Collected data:
§
(* Let $G$ be a finite induced regular group and let $x\in G$ be such that $C_G(x)$ is a maximal centralizer in $G$. If there exists an element $y\in C_G(x)\setminus\beta_G(x)$ such that the order of $yZ(G)$ in $G/Z(G)$ is a prime $p\neq 2$, then $(\beta_G(x)\cup Z(G))/Z(G)$ is an elementary $p$-group.
   Context: For a finite group $G$, $C_G(x)$ denotes the centralizer of $x\in G$ and $Z(G)$ the center; $\beta_G(x)=\{y\in G\mid C_G(y)=C_G(x)\}$. The non-centralizer graph $\Upsilon_G$ is the simple graph with vertex set $G$ in which two distinct vertices $x,y$ are adjacent iff $C_G(x)\neq C_G(y)$; the induced non-centralizer graph $\Upsilon_{G\setminus Z(G)}$ is its induced subgraph on $G\setminus Z(G)$. $G$ is called induced regular if $\Upsilon_{G\setminus Z(G)}$ is a regular graph. A centralizer $C_G(x)$ is called maximal if it is not contained in any other proper centralizer of $G$. A group is called an elementary $p$-group if every non-identity element has order exactly $p$ (it need not be abelian). *)

theory Defs
  imports "HOL-Algebra.Algebra"
begin

definition centralizer :: "('a, 'b) monoid_scheme \<Rightarrow> 'a \<Rightarrow> 'a set" where
  "centralizer G x = {y \<in> carrier G. y \<otimes>\<^bsub>G\<^esub> x = x \<otimes>\<^bsub>G\<^esub> y}"

definition center :: "('a, 'b) monoid_scheme \<Rightarrow> 'a set" where
  "center G = {z \<in> carrier G. \<forall>g \<in> carrier G. z \<otimes>\<^bsub>G\<^esub> g = g \<otimes>\<^bsub>G\<^esub> z}"

definition beta :: "('a, 'b) monoid_scheme \<Rightarrow> 'a \<Rightarrow> 'a set" where
  "beta G x = {y \<in> carrier G. centralizer G y = centralizer G x}"

definition noncent_adj :: "('a, 'b) monoid_scheme \<Rightarrow> 'a \<Rightarrow> 'a \<Rightarrow> bool" where
  "noncent_adj G x y \<longleftrightarrow> x \<noteq> y \<and> centralizer G x \<noteq> centralizer G y"

definition induced_vertices :: "('a, 'b) monoid_scheme \<Rightarrow> 'a set" where
  "induced_vertices G = carrier G - center G"

definition induced_degree :: "('a, 'b) monoid_scheme \<Rightarrow> 'a \<Rightarrow> nat" where
  "induced_degree G v = card {w \<in> induced_vertices G. noncent_adj G v w}"

definition induced_regular :: "('a, 'b) monoid_scheme \<Rightarrow> bool" where
  "induced_regular G \<longleftrightarrow>
     (\<exists>k. \<forall>v \<in> induced_vertices G. induced_degree G v = k)"

definition maximal_centralizer :: "('a, 'b) monoid_scheme \<Rightarrow> 'a \<Rightarrow> bool" where
  "maximal_centralizer G x \<longleftrightarrow> x \<in> carrier G \<and> centralizer G x \<noteq> carrier G \<and>
     (\<forall>y \<in> carrier G. centralizer G y \<noteq> carrier G \<longrightarrow>
        centralizer G x \<subseteq> centralizer G y \<longrightarrow> centralizer G y = centralizer G x)"

definition elementary_p_group :: "('a, 'b) monoid_scheme \<Rightarrow> nat \<Rightarrow> bool" where
  "elementary_p_group H p \<longleftrightarrow> group H \<and>
     (\<forall>h \<in> carrier H. h \<noteq> \<one>\<^bsub>H\<^esub> \<longrightarrow> group.ord H h = p)"

end

theory Submission
  imports Defs
begin

(*
  Write A = beta(x) \<union> Z(G).  By maximality of C(x), A is the subgroup of all a with
  C(x) \<subseteq> C(a); so A \<subseteq> C(x), and C(a^p) = C(x) whenever a \<in> A and a^p \<notin> Z(G).
  It suffices to show a^p \<in> Z(G) for all a \<in> A.  Otherwise let S be the set of a \<in> A with
  a^p \<notin> Z(G) and fix a \<in> S.  Multiplication by a maps A - S into S, hence
  |beta(x)| = |A| - |Z(G)| < 2|S|.  On the other hand, an element commuting with b y (b \<in> S)
  commutes with (b y)^p = b^p y^p, hence with b^p, hence lies in C(x); so the elements
  b y and b y^-1 all have centralizer C(x) \<inter> C(y) = C(a y), and there are 2|S| of them
  because y \<notin> A while y^p \<in> A and p is odd.  As the degree of a vertex v of the induced
  non-centralizer graph is |G - Z(G)| - |beta(v)|, regularity gives |beta(a y)| = |beta(x)|,
  a contradiction.
*)

context group begin

lemma centralizer_subset_carrier: "centralizer G a \<subseteq> carrier G"
  unfolding centralizer_def by auto

lemma centralizer_sym:
  "a \<in> carrier G \<Longrightarrow> g \<in> carrier G \<Longrightarrow> a \<in> centralizer G g \<longleftrightarrow> g \<in> centralizer G a"
  unfolding centralizer_def by auto

lemma center_iff_centralizer_eq_carrier:
  "z \<in> center G \<longleftrightarrow> z \<in> carrier G \<and> centralizer G z = carrier G"
  unfolding center_def centralizer_def by (auto simp: set_eq_iff) metis

lemma inv_commute:
  assumes "a \<in> carrier G" "x \<in> carrier G" "a \<otimes> x = x \<otimes> a"
  shows "inv a \<otimes> x = x \<otimes> inv a"
proof -
  have "inv a \<otimes> x = inv a \<otimes> (x \<otimes> a) \<otimes> inv a"
    using assms(1,2) by (simp add: m_assoc)
  also have "\<dots> = inv a \<otimes> (a \<otimes> x) \<otimes> inv a"
    using assms by simp
  also have "\<dots> = x \<otimes> inv a"
    using assms(1,2) by (simp add: m_assoc[symmetric])
  finally show ?thesis .
qed

lemma subgroup_centralizer:
  assumes "x \<in> carrier G"
  shows "subgroup (centralizer G x) G"
proof (rule subgroupI)
  show "centralizer G x \<subseteq> carrier G"
    by (rule centralizer_subset_carrier)
  have "\<one> \<in> centralizer G x"
    using assms by (simp add: centralizer_def)
  then show "centralizer G x \<noteq> {}"
    by blast
next
  fix a b
  assume "a \<in> centralizer G x" "b \<in> centralizer G x"
  then have a: "a \<in> carrier G" "a \<otimes> x = x \<otimes> a" and b: "b \<in> carrier G" "b \<otimes> x = x \<otimes> b"
    unfolding centralizer_def by auto
  show "inv a \<in> centralizer G x"
    using a assms inv_commute unfolding centralizer_def by simp
  have "a \<otimes> b \<otimes> x = x \<otimes> (a \<otimes> b)"
    using a b assms by (simp add: m_assoc) (simp add: m_assoc[symmetric])
  then show "a \<otimes> b \<in> centralizer G x"
    using a b unfolding centralizer_def by simp
qed

lemma centralizer_Int_subset_mult:
  assumes "a \<in> carrier G" "b \<in> carrier G"
  shows "centralizer G a \<inter> centralizer G b \<subseteq> centralizer G (a \<otimes> b)"
proof
  fix g
  assume g_ab: "g \<in> centralizer G a \<inter> centralizer G b"
  then have g: "g \<in> carrier G"
    using centralizer_subset_carrier by blast
  have "a \<in> centralizer G g" "b \<in> centralizer G g"
    using g_ab g assms centralizer_sym by blast+
  then have "a \<otimes> b \<in> centralizer G g"
    using subgroup.m_closed[OF subgroup_centralizer[OF g]] by blast
  then show "g \<in> centralizer G (a \<otimes> b)"
    using g assms centralizer_sym m_closed by blast
qed

lemma centralizer_inv: "a \<in> carrier G \<Longrightarrow> centralizer G (inv a) = centralizer G a"
proof -
  have subset_inv: "centralizer G b \<subseteq> centralizer G (inv b)" if b: "b \<in> carrier G" for b
  proof
    fix g
    assume g_b: "g \<in> centralizer G b"
    then have g: "g \<in> carrier G"
      using centralizer_subset_carrier by blast
    have "inv b \<in> centralizer G g"
      using subgroup.m_inv_closed[OF subgroup_centralizer[OF g]] g_b g b centralizer_sym by blast
    then show "g \<in> centralizer G (inv b)"
      using g b centralizer_sym inv_closed by blast
  qed
  assume "a \<in> carrier G"
  then show ?thesis
    using subset_inv[of a] subset_inv[of "inv a"] by simp
qed

lemma centralizer_subset_pow: "a \<in> carrier G \<Longrightarrow> centralizer G a \<subseteq> centralizer G (a [^] (n::nat))"
proof (induction n)
  case 0
  show ?case
    by (auto simp: centralizer_def)
next
  case (Suc n)
  then have "centralizer G a \<subseteq> centralizer G (a [^] n) \<inter> centralizer G a"
    by blast
  also have "\<dots> \<subseteq> centralizer G (a [^] Suc n)"
    using centralizer_Int_subset_mult Suc.prems by simp
  finally show ?case .
qed

lemma centralizer_mult_center:
  assumes a: "a \<in> carrier G" and z: "z \<in> center G"
  shows "centralizer G (a \<otimes> z) = centralizer G a"
proof
  have z_carrier: "z \<in> carrier G" and Cz: "centralizer G z = carrier G"
    using z center_iff_centralizer_eq_carrier by blast+
  then have Cz_inv: "centralizer G (inv z) = carrier G"
    using centralizer_inv by simp
  have "centralizer G (a \<otimes> z) = centralizer G (a \<otimes> z) \<inter> centralizer G (inv z)"
    by (simp add: Cz_inv Int_absorb2 centralizer_subset_carrier)
  also have "\<dots> \<subseteq> centralizer G (a \<otimes> z \<otimes> inv z)"
    using a z_carrier by (intro centralizer_Int_subset_mult) simp_all
  finally show "centralizer G (a \<otimes> z) \<subseteq> centralizer G a"
    using a z_carrier by (simp add: m_assoc)
  have "centralizer G a = centralizer G a \<inter> centralizer G z"
    by (simp add: Cz Int_absorb2 centralizer_subset_carrier)
  also have "\<dots> \<subseteq> centralizer G (a \<otimes> z)"
    using a z_carrier by (rule centralizer_Int_subset_mult)
  finally show "centralizer G a \<subseteq> centralizer G (a \<otimes> z)" .
qed

lemma subgroup_centralizing:
  assumes "C \<subseteq> carrier G"
  shows "subgroup {a \<in> carrier G. C \<subseteq> centralizer G a} G"
proof (rule subgroupI)
  have "centralizer G \<one> = carrier G"
    by (auto simp: centralizer_def)
  then show "{a \<in> carrier G. C \<subseteq> centralizer G a} \<noteq> {}"
    using assms by blast
next
  fix a b
  assume "a \<in> {a \<in> carrier G. C \<subseteq> centralizer G a}" "b \<in> {a \<in> carrier G. C \<subseteq> centralizer G a}"
  then have a: "a \<in> carrier G" "C \<subseteq> centralizer G a" and b: "b \<in> carrier G" "C \<subseteq> centralizer G b"
    by auto
  show "inv a \<in> {a \<in> carrier G. C \<subseteq> centralizer G a}"
    using a centralizer_inv by simp
  have "C \<subseteq> centralizer G (a \<otimes> b)"
    using a b centralizer_Int_subset_mult by blast
  then show "a \<otimes> b \<in> {a \<in> carrier G. C \<subseteq> centralizer G a}"
    using a b by simp
qed auto

lemma normal_center: "center G \<lhd> G"
proof (rule normalI)
  have "center G = {a \<in> carrier G. carrier G \<subseteq> centralizer G a}"
    unfolding center_def centralizer_def by (auto simp: subset_iff)
  then show "subgroup (center G) G"
    using subgroup_centralizing by simp
  show "\<forall>g \<in> carrier G. center G #> g = g <# center G"
    unfolding r_coset_def l_coset_def center_def by force
qed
§
**Description of the task**. Print exactly the lines above, between the one holding "a^p \<notin> Z(G) and" and the one holding "x \<subseteq> carrier", inclusive, and nothing besides.

**Answer section**.
  a^p \<notin> Z(G) and fix a \<in> S.  Multiplication by a maps A - S into S, hence
  |beta(x)| = |A| - |Z(G)| < 2|S|.  On the other hand, an element commuting with b y (b \<in> S)
  commutes with (b y)^p = b^p y^p, hence with b^p, hence lies in C(x); so the elements
  b y and b y^-1 all have centralizer C(x) \<inter> C(y) = C(a y), and there are 2|S| of them
  because y \<notin> A while y^p \<in> A and p is odd.  As the degree of a vertex v of the induced
  non-centralizer graph is |G - Z(G)| - |beta(v)|, regularity gives |beta(a y)| = |beta(x)|,
  a contradiction.
*)

context group begin

lemma centralizer_subset_carrier: "centralizer G a \<subseteq> carrier G"
  unfolding centralizer_def by auto

lemma centralizer_sym:
  "a \<in> carrier G \<Longrightarrow> g \<in> carrier G \<Longrightarrow> a \<in> centralizer G g \<longleftrightarrow> g \<in> centralizer G a"
  unfolding centralizer_def by auto

lemma center_iff_centralizer_eq_carrier:
  "z \<in> center G \<longleftrightarrow> z \<in> carrier G \<and> centralizer G z = carrier G"
  unfolding center_def centralizer_def by (auto simp: set_eq_iff) metis

lemma inv_commute:
  assumes "a \<in> carrier G" "x \<in> carrier G" "a \<otimes> x = x \<otimes> a"
  shows "inv a \<otimes> x = x \<otimes> inv a"
proof -
  have "inv a \<otimes> x = inv a \<otimes> (x \<otimes> a) \<otimes> inv a"
    using assms(1,2) by (simp add: m_assoc)
  also have "\<dots> = inv a \<otimes> (a \<otimes> x) \<otimes> inv a"
    using assms by simp
  also have "\<dots> = x \<otimes> inv a"
    using assms(1,2) by (simp add: m_assoc[symmetric])
  finally show ?thesis .
qed

lemma subgroup_centralizer:
  assumes "x \<in> carrier G"
  shows "subgroup (centralizer G x) G"
proof (rule subgroupI)
  show "centralizer G x \<subseteq> carrier G"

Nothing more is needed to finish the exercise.